** MATERIAL FOR THIS EXERCISE follows **

(* Let $C_1\geq C_2\geq 0$ and let $n>8^4(C_1-C_2+1)^4$ be an integer such that $f(m)<\sqrt{m}+C_1$ for all $m<n$. If $\chi$ is a red-blue colouring of $E(K_n)$ with $f(n,\chi)>\sqrt{n}+C_2$, then there is a monochromatic path $P$ in $K_n$ such that $Y=[n]\setminus V(P)$ satisfies $|Y|\leq \sqrt{n}+8(C_1-C_2+1)\sqrt[4]{n}$. Furthermore, if $\gamma$ is the colour of the edges of $P$, then for every $y\in Y$ the set $\{x\in V(P):\chi(xy)=\gamma\}$ has size at most $2(C_1-C_2+1)\sqrt{n}$.
   Context: $K_n$ is the complete graph on vertex set $[n]=\{1,\dots,n\}$. For a red-blue colouring $\chi$ of $E(K_n)$, $f(n,\chi)$ is the smallest size of a family of monochromatic paths, all of the same colour, whose union covers $[n]$; here paths may have length zero (a single vertex) and need not be disjoint. $f(n)$ is the maximum of $f(n,\chi)$ over all red-blue colourings $\chi$ of $E(K_n)$. *)

theory Defs
  imports Complex_Main
begin

text \<open>A red-blue colouring of the edges of K_n on vertex set [n] = {1..n} is a map
  from two-element sets {x,y} to bool (True = red, False = blue); only its values on
  edges {x,y} with x \<noteq> y in {1..n} are relevant.\<close>

type_synonym colouring = "nat set \<Rightarrow> bool"

definition mono_path :: "nat \<Rightarrow> colouring \<Rightarrow> bool \<Rightarrow> nat list \<Rightarrow> bool" where
  "mono_path n chi c P \<longleftrightarrow>
     P \<noteq> [] \<and> distinct P \<and> set P \<subseteq> {1..n} \<and>
     (\<forall>i. Suc i < length P \<longrightarrow> chi {P ! i, P ! Suc i} = c)"

definition path_cover :: "nat \<Rightarrow> colouring \<Rightarrow> bool \<Rightarrow> nat \<Rightarrow> bool" where
  "path_cover n chi c k \<longleftrightarrow>
     (\<exists>Ps. length Ps = k \<and> (\<forall>P\<in>set Ps. mono_path n chi c P) \<and>
           (\<Union>P\<in>set Ps. set P) = {1..n})"

definition f_col :: "nat \<Rightarrow> colouring \<Rightarrow> nat" where
  "f_col n chi = (LEAST k. \<exists>c. path_cover n chi c k)"

definition f_max :: "nat \<Rightarrow> nat" where
  "f_max n = Max (range (f_col n))"

end

theory Submission
  imports Defs
begin

text \<open>Let \<open>P\<close> be a longest monochromatic path, of colour \<open>c\<close>. If a set \<open>S\<close> can be covered
  by \<open>k\<close> paths of either colour, then removing it shows
  \<open>f(n,\<chi>) \<le> f(n - |S|) + k < \<surd>(n - |S|) + C\<^sub>1 + k\<close>, which together with
  \<open>f(n,\<chi>) > \<surd>n + C\<^sub>2\<close> bounds \<open>|S|\<close>.
  For \<open>y\<close> outside \<open>P\<close>, Posa rotations show that \<open>y\<close> together with the successors on \<open>P\<close> of
  its \<open>c\<close>-neighbours other than the last one is a clique of the other colour and lies on one
  \<open>c\<close>-path; this gives the degree bound. With few \<open>c\<close>-neighbours, paths of the other colour
  alternating between the outside vertices and fresh vertices of \<open>P\<close> cover a large part of
  \<open>P\<close>, so there cannot be many outside vertices.\<close>

definition covered_by_paths :: "nat \<Rightarrow> colouring \<Rightarrow> bool \<Rightarrow> nat \<Rightarrow> nat set \<Rightarrow> bool" where
  "covered_by_paths n chi c k S \<longleftrightarrow>
     (\<exists>Ps. length Ps \<le> k \<and> (\<forall>P\<in>set Ps. mono_path n chi c P) \<and> S \<subseteq> (\<Union>P\<in>set Ps. set P))"

lemma mono_path_iff_successively:
  "mono_path n chi c P \<longleftrightarrow>
     P \<noteq> [] \<and> distinct P \<and> set P \<subseteq> {1..n} \<and> successively (\<lambda>a b. chi {a, b} = c) P"
  unfolding mono_path_def successively_conv_nth by blast

lemma last_take_Suc: "i < length xs \<Longrightarrow> last (take (Suc i) xs) = xs ! i"
  by (subst last_conv_nth) (auto simp: min_def intro: arg_cong[where f = "(!) xs"])

lemma mono_path_length_le: "mono_path n chi c P \<Longrightarrow> length P \<le> n"
  unfolding mono_path_def by (metis card_atLeastAtMost card_mono diff_Suc_1 distinct_card finite_atLeastAtMost)

lemma card_less_if_missing:
  assumes "A \<subseteq> {1..n}" "x \<in> {1..n}" "x \<notin> A"
  shows "card A < n"
proof -
  have "A \<subset> {1..n}"
    using assms by blast
  then show ?thesis
    using psubset_card_mono[of "{1..n}"] by simp
qed

lemma covered_by_paths_mono:
  "covered_by_paths n chi c k S \<Longrightarrow> k \<le> k' \<Longrightarrow> S' \<subseteq> S \<Longrightarrow> covered_by_paths n chi c k' S'"
  unfolding covered_by_paths_def by (meson order_trans)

** End of MATERIAL FOR THIS EXERCISE **

[WHAT TO DO]: An exact copy of every entry above is required.

[TASK RESULT]:
(* Let $C_1\geq C_2\geq 0$ and let $n>8^4(C_1-C_2+1)^4$ be an integer such that $f(m)<\sqrt{m}+C_1$ for all $m<n$. If $\chi$ is a red-blue colouring of $E(K_n)$ with $f(n,\chi)>\sqrt{n}+C_2$, then there is a monochromatic path $P$ in $K_n$ such that $Y=[n]\setminus V(P)$ satisfies $|Y|\leq \sqrt{n}+8(C_1-C_2+1)\sqrt[4]{n}$. Furthermore, if $\gamma$ is the colour of the edges of $P$, then for every $y\in Y$ the set $\{x\in V(P):\chi(xy)=\gamma\}$ has size at most $2(C_1-C_2+1)\sqrt{n}$.
   Context: $K_n$ is the complete graph on vertex set $[n]=\{1,\dots,n\}$. For a red-blue colouring $\chi$ of $E(K_n)$, $f(n,\chi)$ is the smallest size of a family of monochromatic paths, all of the same colour, whose union covers $[n]$; here paths may have length zero (a single vertex) and need not be disjoint. $f(n)$ is the maximum of $f(n,\chi)$ over all red-blue colourings $\chi$ of $E(K_n)$. *)

theory Defs
  imports Complex_Main
begin

text \<open>A red-blue colouring of the edges of K_n on vertex set [n] = {1..n} is a map
  from two-element sets {x,y} to bool (True = red, False = blue); only its values on
  edges {x,y} with x \<noteq> y in {1..n} are relevant.\<close>

type_synonym colouring = "nat set \<Rightarrow> bool"

definition mono_path :: "nat \<Rightarrow> colouring \<Rightarrow> bool \<Rightarrow> nat list \<Rightarrow> bool" where
  "mono_path n chi c P \<longleftrightarrow>
     P \<noteq> [] \<and> distinct P \<and> set P \<subseteq> {1..n} \<and>
     (\<forall>i. Suc i < length P \<longrightarrow> chi {P ! i, P ! Suc i} = c)"

definition path_cover :: "nat \<Rightarrow> colouring \<Rightarrow> bool \<Rightarrow> nat \<Rightarrow> bool" where
  "path_cover n chi c k \<longleftrightarrow>
     (\<exists>Ps. length Ps = k \<and> (\<forall>P\<in>set Ps. mono_path n chi c P) \<and>
           (\<Union>P\<in>set Ps. set P) = {1..n})"

definition f_col :: "nat \<Rightarrow> colouring \<Rightarrow> nat" where
  "f_col n chi = (LEAST k. \<exists>c. path_cover n chi c k)"

definition f_max :: "nat \<Rightarrow> nat" where
  "f_max n = Max (range (f_col n))"

end

theory Submission
  imports Defs
begin

text \<open>Let \<open>P\<close> be a longest monochromatic path, of colour \<open>c\<close>. If a set \<open>S\<close> can be covered
  by \<open>k\<close> paths of either colour, then removing it shows
  \<open>f(n,\<chi>) \<le> f(n - |S|) + k < \<surd>(n - |S|) + C\<^sub>1 + k\<close>, which together with
  \<open>f(n,\<chi>) > \<surd>n + C\<^sub>2\<close> bounds \<open>|S|\<close>.
  For \<open>y\<close> outside \<open>P\<close>, Posa rotations show that \<open>y\<close> together with the successors on \<open>P\<close> of
  its \<open>c\<close>-neighbours other than the last one is a clique of the other colour and lies on one
  \<open>c\<close>-path; this gives the degree bound. With few \<open>c\<close>-neighbours, paths of the other colour
  alternating between the outside vertices and fresh vertices of \<open>P\<close> cover a large part of
  \<open>P\<close>, so there cannot be many outside vertices.\<close>

definition covered_by_paths :: "nat \<Rightarrow> colouring \<Rightarrow> bool \<Rightarrow> nat \<Rightarrow> nat set \<Rightarrow> bool" where
  "covered_by_paths n chi c k S \<longleftrightarrow>
     (\<exists>Ps. length Ps \<le> k \<and> (\<forall>P\<in>set Ps. mono_path n chi c P) \<and> S \<subseteq> (\<Union>P\<in>set Ps. set P))"

lemma mono_path_iff_successively:
  "mono_path n chi c P \<longleftrightarrow>
     P \<noteq> [] \<and> distinct P \<and> set P \<subseteq> {1..n} \<and> successively (\<lambda>a b. chi {a, b} = c) P"
  unfolding mono_path_def successively_conv_nth by blast

lemma last_take_Suc: "i < length xs \<Longrightarrow> last (take (Suc i) xs) = xs ! i"
  by (subst last_conv_nth) (auto simp: min_def intro: arg_cong[where f = "(!) xs"])

lemma mono_path_length_le: "mono_path n chi c P \<Longrightarrow> length P \<le> n"
  unfolding mono_path_def by (metis card_atLeastAtMost card_mono diff_Suc_1 distinct_card finite_atLeastAtMost)

lemma card_less_if_missing:
  assumes "A \<subseteq> {1..n}" "x \<in> {1..n}" "x \<notin> A"
  shows "card A < n"
proof -
  have "A \<subset> {1..n}"
    using assms by blast
  then show ?thesis
    using psubset_card_mono[of "{1..n}"] by simp
qed

lemma covered_by_paths_mono:
  "covered_by_paths n chi c k S \<Longrightarrow> k \<le> k' \<Longrightarrow> S' \<subseteq> S \<Longrightarrow> covered_by_paths n chi c k' S'"
  unfolding covered_by_paths_def by (meson order_trans)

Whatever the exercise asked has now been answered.